"They usually put garlic in the dressing here, but they didn't tonight, and it's really good." Was this a conversation I overheard between two adult women having lunch al fresco at a sidewalk cafe? Why, no! I'm glad you asked. Actually, this was Paige's salad recommendation to a friend during dinner at our house.
Just when I decided this meant things have officially jumped the shark here at Chez Moi, I heard Isaac bellow out his 6:00 p.m. rallying cry from the bathroom down the hall: "READY FOR A WIIIIIIPE!" Isaac is turning four this month. He's been reliably crapping in a toilet for almost two years.

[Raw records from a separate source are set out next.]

(* Let $a,b,e\in\mathbb{R}$ and let $\alpha_i(t)$ ($i=1,\dots,5$) be scalar continuous functions (not necessarily odd). Consider the systems $$\text{(S5)}\quad\begin{aligned}\dot x&=(ax+by+xz)(1+\alpha_1(t))+x(a+z)\alpha_2(t)+y\alpha_3(t),\\ \dot y&=(-bx+ay+yz)(1+\alpha_1(t))+y(a+z)\alpha_2(t)-x\alpha_3(t),\\ \dot z&=(ez-x^2-y^2-z^2)(1+\alpha_1(t)+\alpha_2(t));\end{aligned}$$ $$\text{(S6)}\quad\begin{aligned}\dot x&=(ax+by+xz)(1+\alpha_1(t))+x(a+z)\alpha_2(t)+y\alpha_3(t)-y(x^2+y^2)(4az+x^2+y^2+2z^2)\alpha_4(t),\\ \dot y&=(-bx+ay+yz)(1+\alpha_1(t))+y(a+z)\alpha_2(t)-x\alpha_3(t)+x(x^2+y^2)(4az+x^2+y^2+2z^2)\alpha_4(t),\\ \dot z&=-(2az+x^2+y^2+z^2)(1+\alpha_1(t)+\alpha_2(t));\end{aligned}$$ $$\text{(S7)}\quad\begin{aligned}\dot x&=(ax+xz)(1+\alpha_1(t))+y\alpha_2(t)+y(4az+x^2+y^2+2z^2)\big(x^2\alpha_3(t)+xy\alpha_4(t)+y^2\alpha_5(t)\big),\\ \dot y&=(ay+yz)(1+\alpha_1(t))-x\alpha_2(t)-x(4az+x^2+y^2+2z^2)\big(x^2\alpha_3(t)+xy\alpha_4(t)+y^2\alpha_5(t)\big),\\ \dot z&=-(2az+x^2+y^2+z^2)(1+\alpha_1(t)).\end{aligned}$$ (i) If $e=0$ and there is a constant $l>-1$ with $\alpha_1(t)+\alpha_2(t)\ge l$ for all $t\ge0$, then the solution $x=y=z=0$ of (S5) is unstable in the sense of Lyapunov. (ii) If $a=0$ and there is a constant $l>-1$ with $\alpha_1(t)+\alpha_2(t)\ge l$ for all $t\ge0$, then the solution $x=y=z=0$ of (S6) is unstable in the sense of Lyapunov. (iii) If $a=0$ and there is a constant $l>-1$ with $\alpha_1(t)\ge l$ for all $t\ge0$, then the solution $x=y=z=0$ of (S7) is unstable in the sense of Lyapunov. *)

theory Defs
  imports "HOL-Analysis.Analysis"
begin

type_synonym state = "real \<times> real \<times> real"

definition is_solution ::
  "(real \<Rightarrow> state \<Rightarrow> state) \<Rightarrow> real \<Rightarrow> state \<Rightarrow> real set \<Rightarrow> (real \<Rightarrow> state) \<Rightarrow> bool" where
  "is_solution f t0 x0 J x \<longleftrightarrow>
     is_interval J \<and> t0 \<in> J \<and> J \<subseteq> {t0..} \<and> x t0 = x0 \<and>
     (\<forall>t\<in>J. (x has_vector_derivative f t (x t)) (at t within J))"

definition lyapunov_stable :: "(real \<Rightarrow> state \<Rightarrow> state) \<Rightarrow> bool" where
  "lyapunov_stable f \<longleftrightarrow>
     (\<forall>t0\<ge>0. \<forall>\<epsilon>>0. \<exists>\<delta>>0. \<forall>x0 J x.
        norm x0 < \<delta> \<and> is_solution f t0 x0 J x \<longrightarrow> (\<forall>t\<in>J. norm (x t) < \<epsilon>))"

definition S5 :: "real \<Rightarrow> real \<Rightarrow> real \<Rightarrow> (real \<Rightarrow> real) \<Rightarrow> (real \<Rightarrow> real) \<Rightarrow> (real \<Rightarrow> real)
   \<Rightarrow> real \<Rightarrow> state \<Rightarrow> state" where
  "S5 a b e \<alpha>1 \<alpha>2 \<alpha>3 t p = (case p of (x, y, z) \<Rightarrow>
     ((a*x + b*y + x*z) * (1 + \<alpha>1 t) + x*(a + z)*\<alpha>2 t + y*\<alpha>3 t,
      (-b*x + a*y + y*z) * (1 + \<alpha>1 t) + y*(a + z)*\<alpha>2 t - x*\<alpha>3 t,
      (e*z - x^2 - y^2 - z^2) * (1 + \<alpha>1 t + \<alpha>2 t)))"

definition S6 :: "real \<Rightarrow> real \<Rightarrow> (real \<Rightarrow> real) \<Rightarrow> (real \<Rightarrow> real) \<Rightarrow> (real \<Rightarrow> real)
   \<Rightarrow> (real \<Rightarrow> real) \<Rightarrow> real \<Rightarrow> state \<Rightarrow> state" where
  "S6 a b \<alpha>1 \<alpha>2 \<alpha>3 \<alpha>4 t p = (case p of (x, y, z) \<Rightarrow>
     ((a*x + b*y + x*z) * (1 + \<alpha>1 t) + x*(a + z)*\<alpha>2 t + y*\<alpha>3 t
        - y*(x^2 + y^2)*(4*a*z + x^2 + y^2 + 2*z^2)*\<alpha>4 t,
      (-b*x + a*y + y*z) * (1 + \<alpha>1 t) + y*(a + z)*\<alpha>2 t - x*\<alpha>3 t
        + x*(x^2 + y^2)*(4*a*z + x^2 + y^2 + 2*z^2)*\<alpha>4 t,
      -(2*a*z + x^2 + y^2 + z^2) * (1 + \<alpha>1 t + \<alpha>2 t)))"

definition S7 :: "real \<Rightarrow> (real \<Rightarrow> real) \<Rightarrow> (real \<Rightarrow> real) \<Rightarrow> (real \<Rightarrow> real) \<Rightarrow> (real \<Rightarrow> real)
   \<Rightarrow> (real \<Rightarrow> real) \<Rightarrow> real \<Rightarrow> state \<Rightarrow> state" where
  "S7 a \<alpha>1 \<alpha>2 \<alpha>3 \<alpha>4 \<alpha>5 t p = (case p of (x, y, z) \<Rightarrow>
     ((a*x + x*z) * (1 + \<alpha>1 t) + y*\<alpha>2 t
        + y*(4*a*z + x^2 + y^2 + 2*z^2)*(x^2*\<alpha>3 t + x*y*\<alpha>4 t + y^2*\<alpha>5 t),
      (a*y + y*z) * (1 + \<alpha>1 t) - x*\<alpha>2 t
        - x*(4*a*z + x^2 + y^2 + 2*z^2)*(x^2*\<alpha>3 t + x*y*\<alpha>4 t + y^2*\<alpha>5 t),
      -(2*a*z + x^2 + y^2 + z^2) * (1 + \<alpha>1 t)))"

end

theory Submission
  imports Defs
begin

text \<open>In all three systems the z-axis is invariant, and on it the equation reduces to the
  Riccati equation z' = - z^2 c(t) with c(t) \<ge> 1 + l > 0 for t \<ge> 0. Its explicit solution
  z(t) = 1 / (C(t) - 1/d), where C(t) is the integral of c over [0, t] and z(0) = -d, runs off
  to -\<infinity> in finite time; so arbitrarily small initial values on the negative z-axis still
  reach the point (0, 0, -1).\<close>

lemma riccati_explicit_solution:
  fixes c :: "real \<Rightarrow> real"
  assumes c: "continuous_on {t0..T} c"
    and denom: "\<forall>t\<in>{t0..T}. integral {t0..t} c + 1/z0 \<noteq> 0"
  defines "z \<equiv> \<lambda>t. 1 / (integral {t0..t} c + 1/z0)"
  shows "z t0 = z0"
    and "\<forall>t\<in>{t0..T}. (z has_real_derivative - (z t)\<^sup>2 * c t) (at t within {t0..T})"
proof -
  show "z t0 = z0" by (simp add: z_def)
  show "\<forall>t\<in>{t0..T}. (z has_real_derivative - (z t)\<^sup>2 * c t) (at t within {t0..T})"
  proof
    fix t assume t: "t \<in> {t0..T}"
    have "((\<lambda>t. integral {t0..t} c) has_real_derivative c t) (at t within {t0..T})"
      using integral_has_vector_derivative[OF c t]
      by (simp add: has_real_derivative_iff_has_vector_derivative)
    then show "(z has_real_derivative - (z t)\<^sup>2 * c t) (at t within {t0..T})"
      unfolding z_def using denom t
      by (auto intro!: derivative_eq_intros simp: power2_eq_square)
  qed
qed

lemma integral_ge_linear:
  fixes c :: "real \<Rightarrow> real"
  assumes c: "continuous_on {0..} c" and ge: "\<forall>t\<ge>0. c t \<ge> m" and "T \<ge> 0"
  shows "integral {0..T} c \<ge> m * T"
proof -
  have "integral {0..T} (\<lambda>_. m) \<le> integral {0..T} c"
    using ge c by (intro integral_le integrable_continuous_interval)
      (auto elim: continuous_on_subset)
  then show ?thesis using \<open>T \<ge> 0\<close> by (simp add: mult.commute)
qed

lemma integral_reaches_level:
  fixes c :: "real \<Rightarrow> real"
  assumes c: "continuous_on {0..} c" and "m > 0" and c_ge: "\<forall>t\<ge>0. c t \<ge> m" and "L \<ge> 0"
  obtains T where "T \<ge> 0" "integral {0..T} c = L" "\<forall>t\<in>{0..T}. integral {0..t} c \<le> L"
proof -
  define C where "C t = integral {0..t} c" for t
  have c_on: "continuous_on {0..T} c" for T using c by (rule continuous_on_subset) auto
  define K where "K = L / m"
  have "K \<ge> 0" "C K \<ge> L"
    using integral_ge_linear[OF c c_ge, of K] \<open>m > 0\<close> \<open>L \<ge> 0\<close> by (auto simp: K_def C_def)
  moreover have "continuous_on {0..K} C"
    unfolding C_def by (intro indefinite_integral_continuous_1 integrable_continuous_interval c_on)
  moreover have "C 0 \<le> L" using \<open>L \<ge> 0\<close> by (simp add: C_def)
  ultimately obtain T where T: "0 \<le> T" "C T = L"
    using IVT'[of C 0 L K] by auto
  have "C t \<le> C T" if "t \<in> {0..T}" for t
    unfolding C_def using that c_ge \<open>m > 0\<close>
    by (intro integral_subset_le integrable_continuous_interval c_on) force+
  with T that show ?thesis by (simp add: C_def)
qed

lemma not_lyapunov_stable_if_riccati_on_z_axis:
  fixes f :: "real \<Rightarrow> state \<Rightarrow> state" and c :: "real \<Rightarrow> real"
  assumes c: "continuous_on {0..} c" and "m > 0" and c_ge: "\<forall>t\<ge>0. c t \<ge> m"
    and axis: "\<forall>t z. f t (0, 0, z) = (0, 0, - z\<^sup>2 * c t)"
  shows "\<not> lyapunov_stable f"
proof
  assume "lyapunov_stable f"
  then obtain \<delta> where "\<delta> > 0" and stable:
    "\<And>x0 J x. norm x0 < \<delta> \<Longrightarrow> is_solution f 0 x0 J x \<Longrightarrow> \<forall>t\<in>J. norm (x t) < 1"
    unfolding lyapunov_stable_def by (metis order_refl zero_less_one)
  define d where "d = min \<delta> 1 / 2"
  have d: "0 < d" "d < \<delta>" "d < 1" using \<open>\<delta> > 0\<close> by (auto simp: d_def)
  obtain T where T: "T \<ge> 0" "integral {0..T} c = 1/d - 1"
    and below: "\<forall>t\<in>{0..T}. integral {0..t} c \<le> 1/d - 1"
    using integral_reaches_level[OF c \<open>m > 0\<close> c_ge, of "1/d - 1"] d by auto
  have denom: "\<forall>t\<in>{0..T}. integral {0..t} c + 1/(-d) \<noteq> 0" using below d by force
  define z where "z t = 1 / (integral {0..t} c + 1/(-d))" for t
  have c_on: "continuous_on {0..T} c" using c by (rule continuous_on_subset) auto
  note riccati = riccati_explicit_solution[OF c_on denom, folded z_def]
  have "is_solution f 0 (0, 0, -d) {0..T} (\<lambda>t. (0, 0, z t))"
    unfolding is_solution_def using riccati T(1) axis
    by (auto intro!: derivative_eq_intros simp: has_real_derivative_iff_has_vector_derivative
        is_interval_cc)
  moreover have "norm (0::real, 0::real, -d) < \<delta>" using d by (simp add: norm_Pair)
  ultimately have "norm (0::real, 0::real, z T) < 1" using stable T(1) by fastforce
  moreover have "z T = -1" using T by (simp add: z_def)
  ultimately show False by (simp add: norm_Pair)
qed

theorem theorem3:
  fixes a b e :: real and \<alpha>1 \<alpha>2 \<alpha>3 \<alpha>4 \<alpha>5 :: "real \<Rightarrow> real"
  assumes "continuous_on UNIV \<alpha>1" "continuous_on UNIV \<alpha>2" "continuous_on UNIV \<alpha>3"
      "continuous_on UNIV \<alpha>4" "continuous_on UNIV \<alpha>5"
  shows "((e = 0 \<and> (\<exists>l>-1. \<forall>t\<ge>0. \<alpha>1 t + \<alpha>2 t \<ge> l))
           \<longrightarrow> \<not> lyapunov_stable (S5 a b e \<alpha>1 \<alpha>2 \<alpha>3))
       \<and> ((a = 0 \<and> (\<exists>l>-1. \<forall>t\<ge>0. \<alpha>1 t + \<alpha>2 t \<ge> l))
           \<longrightarrow> \<not> lyapunov_stable (S6 a b \<alpha>1 \<alpha>2 \<alpha>3 \<alpha>4))
       \<and> ((a = 0 \<and> (\<exists>l>-1. \<forall>t\<ge>0. \<alpha>1 t \<ge> l))
           \<longrightarrow> \<not> lyapunov_stable (S7 a \<alpha>1 \<alpha>2 \<alpha>3 \<alpha>4 \<alpha>5))"
proof (intro conjI impI; elim conjE exE)
  have c12: "continuous_on {0..} (\<lambda>t. 1 + \<alpha>1 t + \<alpha>2 t)"
    using assms by (auto intro!: continuous_intros elim: continuous_on_subset)
  have c1: "continuous_on {0..} (\<lambda>t. 1 + \<alpha>1 t)"
    using assms by (auto intro!: continuous_intros elim: continuous_on_subset)
  fix l :: real assume "l > -1"
  then have "1 + l > 0" by simp
  note unstable = not_lyapunov_stable_if_riccati_on_z_axis[OF _ this]
  show "\<not> lyapunov_stable (S5 a b e \<alpha>1 \<alpha>2 \<alpha>3)"
    if "e = 0" "\<forall>t\<ge>0. \<alpha>1 t + \<alpha>2 t \<ge> l"
    using that by (intro unstable[OF c12]) (auto simp: S5_def)
  show "\<not> lyapunov_stable (S6 a b \<alpha>1 \<alpha>2 \<alpha>3 \<alpha>4)"
    if "a = 0" "\<forall>t\<ge>0. \<alpha>1 t + \<alpha>2 t \<ge> l"
    using that by (intro unstable[OF c12]) (auto simp: S6_def)
  show "\<not> lyapunov_stable (S7 a \<alpha>1 \<alpha>2 \<alpha>3 \<alpha>4 \<alpha>5)"
    if "a = 0" "\<forall>t\<ge>0. \<alpha>1 t \<ge> l"
    using that by (intro unstable[OF c1]) (auto simp: S7_def)
qed

end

I think it's high time he starts wiping his own ass, and I told him as much.
For obvious reasons, this evening generated another moment of silent self-persecution, as the full extent of my parenting fails was once again laid bare. I've been trying to divest my kids of the delusion that I exist to wait on them hand and foot. But that's hard to do when Paige thinks our house is her favorite local bistro under new management, and Isaac demands a disproportionate level of parental involvement in his toileting.
At the rate I'm going, I'll be lucky if these kids are out of our basement by the time they're 40. Until then, I'd better go sort some Legos and doll clothes. I mean, seriously people. The LAST thing I need right now is a bad review on Yelp or Trip Advisor.